Christine Sitek, 54
Executive Director, Global Purchasing & Supply Chain, General Motors
Location: Detroit
Education: B.A., materials management, Michigan State University; MBA, University of Detroit Mercy
What drew you to the auto industry? A lot of it was proximity and family. When you grow up in this area of Michigan, it’s hard to have a family that wasn’t supported by the automotive industry. My grandfather retired from Fisher Body at General Motors. My uncle had a 30-year career with the union leadership at GM. My dad worked in the supply industry for the automotive industry. I was just surrounded by it. The broad industry supported all these families in such a positive way. When I graduated from school, I think the joint market share between Ford and GM was exceeding 50 percent. To get a job at the Big 3 was the place to be. The perception was that you could take care of your family for your entire career and that it would serve you well.
First automotive job: I hired into GM officially out of college in 1989, and I worked in material control.
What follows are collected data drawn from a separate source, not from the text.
lemma orthogonal_if_cofinal:
  assumes "orthogonal z B" "\<forall>x\<in>H. \<exists>b\<in>B. x \<subseteq> b"
  shows "orthogonal z H"
  using assms unfolding orthogonal_def by (meson finite_subset inf_mono order_refl)

lemma less_than_b_imp_dominated:
  assumes "less_than_b B"
  shows "\<exists>g. \<forall>b\<in>B. eventually_dominated (f b) g"
proof -
  have "\<not> unbounded_family (f ` B)"
    using assms card_of_image[of f B] not_ordLess_ordLeq unfolding less_than_b_def by blast
  then show ?thesis unfolding unbounded_family_def by blast
qed

lemma less_than_p_imp_not_p_family_image:
  assumes "less_than_p G"
  shows "\<not> p_family (f ` G)"
  using assms card_of_image[of f G] not_ordLess_ordLeq unfolding less_than_p_def by blast

lemma almost_upper_bound_orthogonal:
  fixes Y :: "nat \<Rightarrow> 'a set"
  assumes B: "less_than_b B"
    and Y: "\<And>n. countable (Y n)" "\<And>n b. b \<in> B \<Longrightarrow> finite (Y n \<inter> b)"
  shows "\<exists>z\<subseteq>(\<Union>n. Y n). orthogonal z B \<and> (\<forall>n. almost_subset (Y n) z)"
proof -
  define a where "a = (\<Union>n. Y n)"
  define e where "e = to_nat_on a"
  have inj: "inj_on e a" unfolding e_def a_def using Y(1) by (intro inj_on_to_nat_on countable_UN) auto
  define f where "f b n = Max (insert 0 (e ` (Y n \<inter> b)))" for b n
  have f_ge: "e t \<le> f b n" if "b \<in> B" "t \<in> Y n \<inter> b" for b n t
    unfolding f_def using Y(2)[OF that(1)] that(2) by (intro Max_ge) auto
  obtain g where g: "\<forall>b\<in>B. eventually_dominated (f b) g"
    using less_than_b_imp_dominated[OF B] by blast
  \<comment> \<open>beyond some \<open>N\<close>, \<open>g n\<close> bounds the codes of \<open>Y n \<inter> b\<close>, so \<open>z\<close> meets \<open>b\<close> only in \<open>Y 0, \<dots>, Y (N - 1)\<close>\<close>
  define z where "z = {t. \<exists>n. t \<in> Y n \<and> g n < e t}"
  have "orthogonal z B" unfolding orthogonal_def
  proof
    fix b assume b: "b \<in> B"
    then obtain N where N: "\<forall>n\<ge>N. f b n \<le> g n" using g unfolding eventually_dominated_def by blast
    have "z \<inter> b \<subseteq> (\<Union>n<N. Y n \<inter> b)"
    proof
      fix t assume "t \<in> z \<inter> b"
      then obtain n where n: "t \<in> Y n" "g n < e t" "t \<in> b" unfolding z_def by blast
      with f_ge[OF b] N have "n < N" by (meson IntI leD le_less_trans not_le)
      with n show "t \<in> (\<Union>n<N. Y n \<inter> b)" by blast
    qed
    then show "finite (z \<inter> b)" using Y(2)[OF b] by (meson finite_UN_I finite_lessThan finite_subset)
  qed
  moreover have "almost_subset (Y n) z" for n
  proof -
    have "Y n - z \<subseteq> e -` {..g n} \<inter> a" unfolding z_def a_def by auto
    then show ?thesis
      unfolding almost_subset_def using finite_vimage_IntI[OF finite_atMost inj] finite_subset by blast
  qed
  moreover have "z \<subseteq> a" unfolding z_def a_def by auto
  ultimately show ?thesis unfolding a_def by blast
qed

lemma sigma_directed_orthogonal_ideal:
  assumes "B \<subseteq> H" "less_than_b B" "\<forall>x\<in>H. \<exists>b\<in>B. x \<subseteq> b"
  shows "sigma_directed_ae (orthogonal_ideal \<theta> H)"
  unfolding sigma_directed_ae_def
proof (intro allI impI, elim conjE)
  fix C assume C: "C \<subseteq> orthogonal_ideal \<theta> H" "countable C"
  show "\<exists>z\<in>orthogonal_ideal \<theta> H. \<forall>x\<in>C. almost_subset x z"
  proof (cases "C = {}")
    case True
    then show ?thesis by (auto simp: orthogonal_ideal_def orthogonal_def)
  next
    case False
    then have range_C: "range (from_nat_into C) = C" using C(2) by simp
    have "from_nat_into C n \<in> orthogonal_ideal \<theta> H" for n
      using from_nat_into[OF False] C(1) by blast
    then have Y: "countable (from_nat_into C n)" "b \<in> B \<Longrightarrow> finite (from_nat_into C n \<inter> b)" for n b
      using assms(1) unfolding orthogonal_ideal_def orthogonal_def by blast+
    have "\<exists>z\<subseteq>(\<Union>n. from_nat_into C n). orthogonal z B \<and> (\<forall>n. almost_subset (from_nat_into C n) z)"
      by (rule almost_upper_bound_orthogonal[OF assms(2) Y(1) Y(2)])
    then obtain z where z: "z \<subseteq> \<Union>C" "orthogonal z B" "\<forall>n. almost_subset (from_nat_into C n) z"
      using range_C by auto
    have "countable (\<Union>C)" "\<Union>C \<subseteq> \<theta>"
      using C countable_UN[of C "\<lambda>y. y"] unfolding orthogonal_ideal_def by auto
    with z have "z \<in> orthogonal_ideal \<theta> H"
      using orthogonal_if_cofinal[OF z(2) assms(3)] countable_subset
      unfolding orthogonal_ideal_def by blast
    with z(3) range_C show ?thesis by (metis rangeE)
  qed
qed

lemma orthogonal_if_locally_in_orthogonal_ideal:
  assumes "H \<subseteq> ctbl_subsets \<theta>" "locally_in X (down (orthogonal_ideal \<theta> H))"
  shows "orthogonal X H"
  unfolding orthogonal_def
proof
  fix x assume x: "x \<in> H"
  then have "countable x" using assms(1) unfolding ctbl_subsets_def by blast
  then have "countable (X \<inter> x)" by (rule countable_subset[OF Int_lower2])
  then have "X \<inter> x \<in> down (orthogonal_ideal \<theta> H)" using assms(2) unfolding locally_in_def by blast
  then obtain y where y: "y \<in> orthogonal_ideal \<theta> H" "X \<inter> x \<subseteq> y" unfolding down_def by blast
  then have "finite (y \<inter> x)" using x unfolding orthogonal_ideal_def orthogonal_def by blast
  moreover have "X \<inter> x \<subseteq> y \<inter> x" using y(2) by blast
  ultimately show "finite (X \<inter> x)" by (rule finite_subset[rotated])
qed

lemma almost_subset_image_iff:
  assumes "inj_on e c" "y \<subseteq> c" "a \<subseteq> c"
  shows "almost_subset (e ` y) (e ` a) \<longleftrightarrow> almost_subset y a"
proof -
  have "e ` y - e ` a = e ` (y - a)"
    using inj_on_image_set_diff[OF assms(1)] assms(2,3) by blast
  moreover have "inj_on e (y - a)" using assms(1) by (rule inj_on_subset) (use assms(2) in blast)
  ultimately show ?thesis unfolding almost_subset_def by (simp add: finite_image_iff)
qed

lemma p_family_bij_image:
  fixes e :: "'a \<Rightarrow> nat"
  assumes e: "bij_betw e c UNIV"
    and A: "\<forall>a\<in>A. a \<subseteq> c \<and> infinite a"
    and fip: "\<forall>F. F \<subseteq> A \<and> finite F \<and> F \<noteq> {} \<longrightarrow> infinite (\<Inter>F)"
    and no_bound: "\<forall>y\<subseteq>c. infinite y \<longrightarrow> (\<exists>a\<in>A. \<not> almost_subset y a)"
  shows "p_family ((`) e ` A)"
proof -
  have inj: "inj_on e c" and surj: "e ` c = UNIV" using e by (simp_all add: bij_betw_def)
  have infinite_image: "infinite (e ` a)" if "a \<subseteq> c" "infinite a" for a
    using that finite_image_iff inj_on_subset[OF inj] by metis
  have "\<forall>a\<in>(`) e ` A. infinite a" using A infinite_image by blast
  moreover have "\<forall>F. F \<subseteq> (`) e ` A \<and> finite F \<and> F \<noteq> {} \<longrightarrow> infinite (\<Inter>F)"
  proof (intro allI impI, elim conjE)
    fix F assume F: "F \<subseteq> (`) e ` A" "finite F" "F \<noteq> {}"
    obtain F' where F': "F' \<subseteq> A" "finite F'" "F = (`) e ` F'"
      using finite_subset_image[OF F(2,1)] by blast
    with F(3) obtain j where "j \<in> F'" by blast
    then have "\<Inter>F = e ` \<Inter>F'"
      using image_INT[OF inj, of F' "\<lambda>a. a" j] F'(1,3) A by auto
    moreover have "infinite (\<Inter>F')" "\<Inter>F' \<subseteq> c"
      using fip F' \<open>j \<in> F'\<close> A by blast+
    ultimately show "infinite (\<Inter>F)" using infinite_image by simp
  qed
  moreover have "\<nexists>y. infinite y \<and> (\<forall>a\<in>(`) e ` A. almost_subset y a)"
  proof (intro notI, elim exE conjE)
    fix y assume "infinite y" "\<forall>a\<in>(`) e ` A. almost_subset y a"
    then have y: "infinite y" "\<forall>a\<in>A. almost_subset y (e ` a)" by blast+
    define y' where "y' = inv_into c e ` y"
    have "y' \<subseteq> c" unfolding y'_def using surj by (auto intro: inv_into_into)
    have "e ` y' = y" unfolding y'_def using image_inv_into_cancel[OF surj] by blast
    with y(1) have "infinite y'" by blast
    with \<open>y' \<subseteq> c\<close> obtain a where a: "a \<in> A" "\<not> almost_subset y' a" using no_bound by blast
    moreover have "almost_subset y' a"
      using y(2) a(1) A \<open>e ` y' = y\<close> almost_subset_image_iff[OF inj \<open>y' \<subseteq> c\<close>] by blast
    ultimately show False by blast
  qed
  ultimately show ?thesis unfolding p_family_def by (intro conjI)
qed

lemma infinite_Diff_Union_if_not_almost_subset:
  assumes dir: "directed_ae H" and "H \<noteq> {}" and S: "finite S" "\<forall>g\<in>S. \<exists>x\<in>H. g \<subseteq> x"
    and none: "\<forall>x\<in>H. \<not> almost_subset c x"
  shows "infinite (c - \<Union>S)"
proof -
  have "\<forall>g\<in>S. \<exists>x. x \<in> H \<and> g \<subseteq> x" using S(2) by blast
  then obtain xg where xg: "\<forall>g\<in>S. xg g \<in> H \<and> g \<subseteq> xg g" by (rule bchoice[elim_format]) blast
  then have "finite (xg ` S)" "xg ` S \<subseteq> H" using S(1) by auto
  then obtain z where z: "z \<in> H" "\<forall>x\<in>xg ` S. almost_subset x z"
    using directed_ae_finite_upper_bound[OF dir \<open>H \<noteq> {}\<close>] by blast
  have "finite (\<Union>g\<in>S. xg g - z)"
    using S(1) z(2) unfolding almost_subset_def by (intro finite_UN_I) auto
  moreover have "infinite (c - z)" using none z(1) unfolding almost_subset_def by blast
  ultimately have "infinite ((c - z) - (\<Union>g\<in>S. xg g - z))" by (rule Diff_infinite_finite)
  moreover have "(c - z) - (\<Union>g\<in>S. xg g - z) \<subseteq> c - \<Union>S" using xg by blast
  ultimately show ?thesis using infinite_super by blast
qed

lemma orthogonal_if_almost_subset_complements:
  assumes "y \<subseteq> c" "\<forall>x\<in>down H \<inter> Pow c. \<exists>g\<in>G. x \<subseteq> g"
    and "\<forall>g\<in>G. almost_subset y (c - g)"
  shows "orthogonal y H"
  unfolding orthogonal_def
proof
  fix x assume "x \<in> H"
  then obtain g where "g \<in> G" "c \<inter> x \<subseteq> g"
    using assms(2) unfolding down_def by blast
  then have "y \<inter> x \<subseteq> y - (c - g)" using assms(1) by blast
  moreover have "finite (y - (c - g))" using assms(3) \<open>g \<in> G\<close> unfolding almost_subset_def by blast
  ultimately show "finite (y \<inter> x)" by (rule finite_subset)
qed

lemma almost_subset_member_if_no_infinite_orthogonal:
  assumes dir: "directed_ae H" and "H \<noteq> {}" and c: "countable c"
    and G: "G \<subseteq> down H" "less_than_p G" "\<forall>x\<in>down H \<inter> Pow c. \<exists>g\<in>G. x \<subseteq> g"
    and no_orth: "\<forall>y\<subseteq>c. infinite y \<longrightarrow> \<not> orthogonal y H"
  shows "\<exists>x\<in>H. almost_subset c x"
proof (rule ccontr)
  assume "\<not> ?thesis"
  then have none: "\<forall>x\<in>H. \<not> almost_subset c x" by blast
  then have "infinite c" using \<open>H \<noteq> {}\<close> unfolding almost_subset_def by blast
  then obtain e :: "'a \<Rightarrow> nat" where e: "bij_betw e c UNIV"
    using to_nat_on_infinite[OF c] by blast
  have G_below: "\<exists>x\<in>H. g \<subseteq> x" if "g \<in> G" for g
    using G(1) that unfolding down_def by blast
  \<comment> \<open>the complements \<open>c - g\<close> would form a \<open>\<pp>\<close>-family with at most \<open>|G| < \<pp>\<close> members\<close>
  have "p_family ((`) e ` (\<lambda>g. c - g) ` G)"
  proof (rule p_family_bij_image[OF e])
    have "infinite (c - g)" if g: "g \<in> G" for g
    proof -
      obtain x where "x \<in> H" "g \<subseteq> x" using G_below[OF g] by blast
      moreover from this(2) have "c - x \<subseteq> c - g" by blast
      ultimately show ?thesis using none unfolding almost_subset_def using finite_subset by blast
    qed
    then show "\<forall>a\<in>(\<lambda>g. c - g) ` G. a \<subseteq> c \<and> infinite a" by blast
  next
    show "\<forall>F. F \<subseteq> (\<lambda>g. c - g) ` G \<and> finite F \<and> F \<noteq> {} \<longrightarrow> infinite (\<Inter>F)"
    proof (intro allI impI, elim conjE)
      fix F assume F: "F \<subseteq> (\<lambda>g. c - g) ` G" "finite F" "F \<noteq> {}"
      obtain S where S: "S \<subseteq> G" "finite S" "F = (\<lambda>g. c - g) ` S"
        using finite_subset_image[OF F(2,1)] by blast
      with F(3) have "\<Inter>F = c - \<Union>S" by blast
      moreover have "\<forall>g\<in>S. \<exists>x\<in>H. g \<subseteq> x" using S(1) G_below by blast
      ultimately show "infinite (\<Inter>F)"
        using infinite_Diff_Union_if_not_almost_subset[OF dir \<open>H \<noteq> {}\<close> S(2) _ none] by simp
    qed
  next
    show "\<forall>y\<subseteq>c. infinite y \<longrightarrow> (\<exists>a\<in>(\<lambda>g. c - g) ` G. \<not> almost_subset y a)"
    proof (intro allI impI, rule ccontr)
      fix y assume y: "y \<subseteq> c" "infinite y" and "\<not> (\<exists>a\<in>(\<lambda>g. c - g) ` G. \<not> almost_subset y a)"
      then have "\<forall>g\<in>G. almost_subset y (c - g)" by blast
      then have "orthogonal y H" by (rule orthogonal_if_almost_subset_complements[OF y(1) G(3)])
      with y no_orth show False by blast
    qed
  qed
  then have "p_family ((\<lambda>g. e ` (c - g)) ` G)" by (simp only: image_image)
  with less_than_p_imp_not_p_family_image[OF G(2)] show False by blast
qed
I actually was chasing parts to assure operation at our bus plant. Yes, we used to make buses. We would make two a day out of a plant in Pontiac.
Big break: I’m not an engineer, and aside from a material control position at a plant for a while, I didn’t have any type of long-term plant assignments. I spent the first 21 years of my career working in global supply chain purchasing-type roles. And I was given an opportunity after that to go take a leadership position in manufacturing-engineering. It was completely unheard of at the time to take a business degree person without the depth and manufacturing and engineering to go into that organization. It was like I left the company. It was a huge test of adaptability and learning agility. I think that position and what it created completely changed the trajectory of the balance of my career, probably for the last 10 or 12 years.
What is the major challenge you’ve faced in your career? I’ve had more opportunities in these 32 years than I’ve had challenges. The handful of times that I found myself in a specific challenge, I actually think it’s because I didn’t believe in myself enough. As you progress in your career with maturity, that happens a little bit less. I found it was really important to have trusted advisers who would shake me a little bit and say, “Get back in the ring. That’s not you. That’s not how you should be feeling about it.”
You’ve been in the industry 32 years. What has been the most important change you’ve seen? It’s probably difficult to ask that question without thinking about electric vehicles and the tipping point that’s happening now in the industry and the massive number of competitors that it’s bringing to industry globally. It’s forcing all OEMs to partner and/or lean in very heavily with where they’re making investments. I think EVs are really going to be the one that transforms the industry the most.
Describe your leadership style. Approachable. I learned over the years that if leaders don’t have an environment where people tell them stuff, then bad news doesn’t get delivered. Good news doesn’t get shared. People don’t ask for help. It goes well beyond having an open-door policy. You have to have the open door, but then people have to be willing to walk through it.
Tell us about your family. I am married to my high school sweetheart. He actually planned my 16th birthday party. That’s how long we’ve known each other. We have two children. All four of us work at GM. My husband works in the engineering organization. My daughter actually works in purchasing as well. She’s a buyer in the organization. And my son just started in the finance organization in June. We joke that we have the Shelby Township, Mich., GM Tech Center with all of the functions represented.
Are you able to achieve work-life balance? When people started saying it was work-life integration, I felt less guilty about it. I think when you talk about balance, do you start to think everything needs to be 50-50 all the time? And that’s really not true. If you look at it in too short term of a view, you could feel off balance because there’s one day I’m going to give more to my family than I do to my professional life. But then the next day, I’m likely going to give more to my professional life. Everybody assumes that I missed something really big or I had to give something up, and I never really did. I look back on my kids growing up, and there is nothing that I feel like I missed out on. So I think that would tell you that I found that balance somehow. But it’s not without a lot of support.